Task details =
Please repeat every entry that follows, keeping each one exactly the same.

Dataset =

========================

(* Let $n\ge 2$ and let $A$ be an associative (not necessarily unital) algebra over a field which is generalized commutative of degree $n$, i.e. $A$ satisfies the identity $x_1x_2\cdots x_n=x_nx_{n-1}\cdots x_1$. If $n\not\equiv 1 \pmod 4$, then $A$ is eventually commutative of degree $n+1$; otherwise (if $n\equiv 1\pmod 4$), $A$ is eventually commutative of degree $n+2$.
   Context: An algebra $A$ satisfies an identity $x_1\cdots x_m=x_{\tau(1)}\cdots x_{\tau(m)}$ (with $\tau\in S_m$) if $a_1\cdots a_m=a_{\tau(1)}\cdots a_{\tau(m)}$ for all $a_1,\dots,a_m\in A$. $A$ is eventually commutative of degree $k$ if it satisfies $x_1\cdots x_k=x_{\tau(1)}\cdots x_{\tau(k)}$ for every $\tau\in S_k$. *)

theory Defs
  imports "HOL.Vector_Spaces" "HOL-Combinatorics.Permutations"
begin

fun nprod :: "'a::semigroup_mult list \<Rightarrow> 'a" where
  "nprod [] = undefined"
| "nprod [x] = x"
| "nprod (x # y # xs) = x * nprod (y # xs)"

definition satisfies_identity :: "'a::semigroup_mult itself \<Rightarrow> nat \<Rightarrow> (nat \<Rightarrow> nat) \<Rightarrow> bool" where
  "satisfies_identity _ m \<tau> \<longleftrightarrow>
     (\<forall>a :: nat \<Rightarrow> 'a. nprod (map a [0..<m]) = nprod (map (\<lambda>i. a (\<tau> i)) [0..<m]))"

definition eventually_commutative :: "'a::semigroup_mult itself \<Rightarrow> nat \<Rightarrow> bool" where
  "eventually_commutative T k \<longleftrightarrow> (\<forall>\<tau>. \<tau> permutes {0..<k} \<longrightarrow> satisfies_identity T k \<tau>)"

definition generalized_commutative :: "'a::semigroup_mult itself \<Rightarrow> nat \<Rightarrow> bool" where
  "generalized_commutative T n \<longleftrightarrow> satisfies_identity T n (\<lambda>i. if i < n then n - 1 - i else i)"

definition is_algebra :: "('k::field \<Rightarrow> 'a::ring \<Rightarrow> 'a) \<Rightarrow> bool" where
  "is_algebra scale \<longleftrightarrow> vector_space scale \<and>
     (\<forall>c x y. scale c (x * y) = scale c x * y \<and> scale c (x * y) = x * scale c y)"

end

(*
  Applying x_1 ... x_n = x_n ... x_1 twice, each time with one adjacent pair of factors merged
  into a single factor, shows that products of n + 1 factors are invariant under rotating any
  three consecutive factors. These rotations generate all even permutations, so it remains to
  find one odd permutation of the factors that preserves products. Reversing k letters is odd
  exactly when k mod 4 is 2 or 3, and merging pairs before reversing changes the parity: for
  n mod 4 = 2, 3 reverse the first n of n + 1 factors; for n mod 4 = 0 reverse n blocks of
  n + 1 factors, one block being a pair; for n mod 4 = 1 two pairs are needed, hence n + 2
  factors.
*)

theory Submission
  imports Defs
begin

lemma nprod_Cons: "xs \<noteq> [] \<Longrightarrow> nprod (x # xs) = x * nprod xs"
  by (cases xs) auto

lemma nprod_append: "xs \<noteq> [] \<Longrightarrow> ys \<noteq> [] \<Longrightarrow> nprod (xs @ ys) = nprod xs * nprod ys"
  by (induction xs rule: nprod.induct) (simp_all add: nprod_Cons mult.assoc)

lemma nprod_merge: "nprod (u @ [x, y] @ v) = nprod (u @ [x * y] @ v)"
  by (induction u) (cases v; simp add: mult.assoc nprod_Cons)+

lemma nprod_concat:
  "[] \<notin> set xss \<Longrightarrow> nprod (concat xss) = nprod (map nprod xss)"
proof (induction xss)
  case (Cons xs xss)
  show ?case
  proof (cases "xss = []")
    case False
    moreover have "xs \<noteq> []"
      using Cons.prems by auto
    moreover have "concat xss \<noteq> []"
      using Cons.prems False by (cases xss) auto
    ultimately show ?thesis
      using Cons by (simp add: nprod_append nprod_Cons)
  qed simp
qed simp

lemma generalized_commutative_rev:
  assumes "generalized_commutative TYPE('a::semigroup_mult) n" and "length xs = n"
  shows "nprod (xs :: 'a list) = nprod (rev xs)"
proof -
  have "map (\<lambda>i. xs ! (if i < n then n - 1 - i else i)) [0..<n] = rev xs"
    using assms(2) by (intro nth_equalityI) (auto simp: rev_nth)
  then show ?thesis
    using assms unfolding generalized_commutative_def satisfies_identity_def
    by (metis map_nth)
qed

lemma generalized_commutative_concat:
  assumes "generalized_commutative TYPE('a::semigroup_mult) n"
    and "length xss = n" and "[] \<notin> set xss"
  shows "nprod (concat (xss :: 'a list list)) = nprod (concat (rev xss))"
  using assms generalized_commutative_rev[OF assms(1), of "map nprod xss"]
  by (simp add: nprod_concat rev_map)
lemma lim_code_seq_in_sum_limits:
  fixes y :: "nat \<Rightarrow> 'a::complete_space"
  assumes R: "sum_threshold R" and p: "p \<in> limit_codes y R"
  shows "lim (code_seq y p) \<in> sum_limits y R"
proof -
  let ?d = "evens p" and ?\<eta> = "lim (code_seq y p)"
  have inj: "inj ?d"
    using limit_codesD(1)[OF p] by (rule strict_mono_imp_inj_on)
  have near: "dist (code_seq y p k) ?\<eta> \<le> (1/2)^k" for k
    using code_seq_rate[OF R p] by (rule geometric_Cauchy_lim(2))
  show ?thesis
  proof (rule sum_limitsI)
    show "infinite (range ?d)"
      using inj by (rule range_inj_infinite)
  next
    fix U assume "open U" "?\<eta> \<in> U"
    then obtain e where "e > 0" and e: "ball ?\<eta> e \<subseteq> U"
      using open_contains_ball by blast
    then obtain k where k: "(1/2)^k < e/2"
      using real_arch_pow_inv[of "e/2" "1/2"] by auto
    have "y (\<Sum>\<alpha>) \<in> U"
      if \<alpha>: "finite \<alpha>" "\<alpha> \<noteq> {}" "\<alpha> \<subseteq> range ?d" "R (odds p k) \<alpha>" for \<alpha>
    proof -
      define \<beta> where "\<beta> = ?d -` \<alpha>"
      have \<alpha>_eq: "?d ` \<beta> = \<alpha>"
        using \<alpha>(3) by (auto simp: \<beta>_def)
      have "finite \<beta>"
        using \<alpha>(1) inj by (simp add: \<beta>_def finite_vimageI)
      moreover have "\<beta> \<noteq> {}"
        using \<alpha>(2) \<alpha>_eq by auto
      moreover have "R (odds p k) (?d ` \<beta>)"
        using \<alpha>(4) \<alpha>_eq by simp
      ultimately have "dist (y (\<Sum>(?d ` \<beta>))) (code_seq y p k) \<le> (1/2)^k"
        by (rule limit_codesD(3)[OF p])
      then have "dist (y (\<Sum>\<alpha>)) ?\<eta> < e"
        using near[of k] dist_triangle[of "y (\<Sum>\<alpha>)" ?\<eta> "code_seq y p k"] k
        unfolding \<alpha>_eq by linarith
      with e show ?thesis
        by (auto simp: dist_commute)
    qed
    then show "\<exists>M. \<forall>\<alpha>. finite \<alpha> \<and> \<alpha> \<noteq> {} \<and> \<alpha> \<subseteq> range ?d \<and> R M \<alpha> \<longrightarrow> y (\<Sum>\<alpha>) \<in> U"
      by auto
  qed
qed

========================

Response area =
(* Let $n\ge 2$ and let $A$ be an associative (not necessarily unital) algebra over a field which is generalized commutative of degree $n$, i.e. $A$ satisfies the identity $x_1x_2\cdots x_n=x_nx_{n-1}\cdots x_1$. If $n\not\equiv 1 \pmod 4$, then $A$ is eventually commutative of degree $n+1$; otherwise (if $n\equiv 1\pmod 4$), $A$ is eventually commutative of degree $n+2$.
   Context: An algebra $A$ satisfies an identity $x_1\cdots x_m=x_{\tau(1)}\cdots x_{\tau(m)}$ (with $\tau\in S_m$) if $a_1\cdots a_m=a_{\tau(1)}\cdots a_{\tau(m)}$ for all $a_1,\dots,a_m\in A$. $A$ is eventually commutative of degree $k$ if it satisfies $x_1\cdots x_k=x_{\tau(1)}\cdots x_{\tau(k)}$ for every $\tau\in S_k$. *)

theory Defs
  imports "HOL.Vector_Spaces" "HOL-Combinatorics.Permutations"
begin

fun nprod :: "'a::semigroup_mult list \<Rightarrow> 'a" where
  "nprod [] = undefined"
| "nprod [x] = x"
| "nprod (x # y # xs) = x * nprod (y # xs)"

definition satisfies_identity :: "'a::semigroup_mult itself \<Rightarrow> nat \<Rightarrow> (nat \<Rightarrow> nat) \<Rightarrow> bool" where
  "satisfies_identity _ m \<tau> \<longleftrightarrow>
     (\<forall>a :: nat \<Rightarrow> 'a. nprod (map a [0..<m]) = nprod (map (\<lambda>i. a (\<tau> i)) [0..<m]))"

definition eventually_commutative :: "'a::semigroup_mult itself \<Rightarrow> nat \<Rightarrow> bool" where
  "eventually_commutative T k \<longleftrightarrow> (\<forall>\<tau>. \<tau> permutes {0..<k} \<longrightarrow> satisfies_identity T k \<tau>)"

definition generalized_commutative :: "'a::semigroup_mult itself \<Rightarrow> nat \<Rightarrow> bool" where
  "generalized_commutative T n \<longleftrightarrow> satisfies_identity T n (\<lambda>i. if i < n then n - 1 - i else i)"

definition is_algebra :: "('k::field \<Rightarrow> 'a::ring \<Rightarrow> 'a) \<Rightarrow> bool" where
  "is_algebra scale \<longleftrightarrow> vector_space scale \<and>
     (\<forall>c x y. scale c (x * y) = scale c x * y \<and> scale c (x * y) = x * scale c y)"

end

(*
  Applying x_1 ... x_n = x_n ... x_1 twice, each time with one adjacent pair of factors merged
  into a single factor, shows that products of n + 1 factors are invariant under rotating any
  three consecutive factors. These rotations generate all even permutations, so it remains to
  find one odd permutation of the factors that preserves products. Reversing k letters is odd
  exactly when k mod 4 is 2 or 3, and merging pairs before reversing changes the parity: for
  n mod 4 = 2, 3 reverse the first n of n + 1 factors; for n mod 4 = 0 reverse n blocks of
  n + 1 factors, one block being a pair; for n mod 4 = 1 two pairs are needed, hence n + 2
  factors.
*)

theory Submission
  imports Defs
begin

lemma nprod_Cons: "xs \<noteq> [] \<Longrightarrow> nprod (x # xs) = x * nprod xs"
  by (cases xs) auto

lemma nprod_append: "xs \<noteq> [] \<Longrightarrow> ys \<noteq> [] \<Longrightarrow> nprod (xs @ ys) = nprod xs * nprod ys"
  by (induction xs rule: nprod.induct) (simp_all add: nprod_Cons mult.assoc)

lemma nprod_merge: "nprod (u @ [x, y] @ v) = nprod (u @ [x * y] @ v)"
  by (induction u) (cases v; simp add: mult.assoc nprod_Cons)+

lemma nprod_concat:
  "[] \<notin> set xss \<Longrightarrow> nprod (concat xss) = nprod (map nprod xss)"
proof (induction xss)
  case (Cons xs xss)
  show ?case
  proof (cases "xss = []")
    case False
    moreover have "xs \<noteq> []"
      using Cons.prems by auto
    moreover have "concat xss \<noteq> []"
      using Cons.prems False by (cases xss) auto
    ultimately show ?thesis
      using Cons by (simp add: nprod_append nprod_Cons)
  qed simp
qed simp

lemma generalized_commutative_rev:
  assumes "generalized_commutative TYPE('a::semigroup_mult) n" and "length xs = n"
  shows "nprod (xs :: 'a list) = nprod (rev xs)"
proof -
  have "map (\<lambda>i. xs ! (if i < n then n - 1 - i else i)) [0..<n] = rev xs"
    using assms(2) by (intro nth_equalityI) (auto simp: rev_nth)
  then show ?thesis
    using assms unfolding generalized_commutative_def satisfies_identity_def
    by (metis map_nth)
qed

lemma generalized_commutative_concat:
  assumes "generalized_commutative TYPE('a::semigroup_mult) n"
    and "length xss = n" and "[] \<notin> set xss"
  shows "nprod (concat (xss :: 'a list list)) = nprod (concat (rev xss))"
  using assms generalized_commutative_rev[OF assms(1), of "map nprod xss"]
  by (simp add: nprod_concat rev_map)
lemma lim_code_seq_in_sum_limits:
  fixes y :: "nat \<Rightarrow> 'a::complete_space"
  assumes R: "sum_threshold R" and p: "p \<in> limit_codes y R"
  shows "lim (code_seq y p) \<in> sum_limits y R"
proof -
  let ?d = "evens p" and ?\<eta> = "lim (code_seq y p)"
  have inj: "inj ?d"
    using limit_codesD(1)[OF p] by (rule strict_mono_imp_inj_on)
  have near: "dist (code_seq y p k) ?\<eta> \<le> (1/2)^k" for k
    using code_seq_rate[OF R p] by (rule geometric_Cauchy_lim(2))
  show ?thesis
  proof (rule sum_limitsI)
    show "infinite (range ?d)"
      using inj by (rule range_inj_infinite)
  next
    fix U assume "open U" "?\<eta> \<in> U"
    then obtain e where "e > 0" and e: "ball ?\<eta> e \<subseteq> U"
      using open_contains_ball by blast
    then obtain k where k: "(1/2)^k < e/2"
      using real_arch_pow_inv[of "e/2" "1/2"] by auto
    have "y (\<Sum>\<alpha>) \<in> U"
      if \<alpha>: "finite \<alpha>" "\<alpha> \<noteq> {}" "\<alpha> \<subseteq> range ?d" "R (odds p k) \<alpha>" for \<alpha>
    proof -
      define \<beta> where "\<beta> = ?d -` \<alpha>"
      have \<alpha>_eq: "?d ` \<beta> = \<alpha>"
        using \<alpha>(3) by (auto simp: \<beta>_def)
      have "finite \<beta>"
        using \<alpha>(1) inj by (simp add: \<beta>_def finite_vimageI)
      moreover have "\<beta> \<noteq> {}"
        using \<alpha>(2) \<alpha>_eq by auto
      moreover have "R (odds p k) (?d ` \<beta>)"
        using \<alpha>(4) \<alpha>_eq by simp
      ultimately have "dist (y (\<Sum>(?d ` \<beta>))) (code_seq y p k) \<le> (1/2)^k"
        by (rule limit_codesD(3)[OF p])
      then have "dist (y (\<Sum>\<alpha>)) ?\<eta> < e"
        using near[of k] dist_triangle[of "y (\<Sum>\<alpha>)" ?\<eta> "code_seq y p k"] k
        unfolding \<alpha>_eq by linarith
      with e show ?thesis
        by (auto simp: dist_commute)
    qed
    then show "\<exists>M. \<forall>\<alpha>. finite \<alpha> \<and> \<alpha> \<noteq> {} \<and> \<alpha> \<subseteq> range ?d \<and> R M \<alpha> \<longrightarrow> y (\<Sum>\<alpha>) \<in> U"
      by auto
  qed
qed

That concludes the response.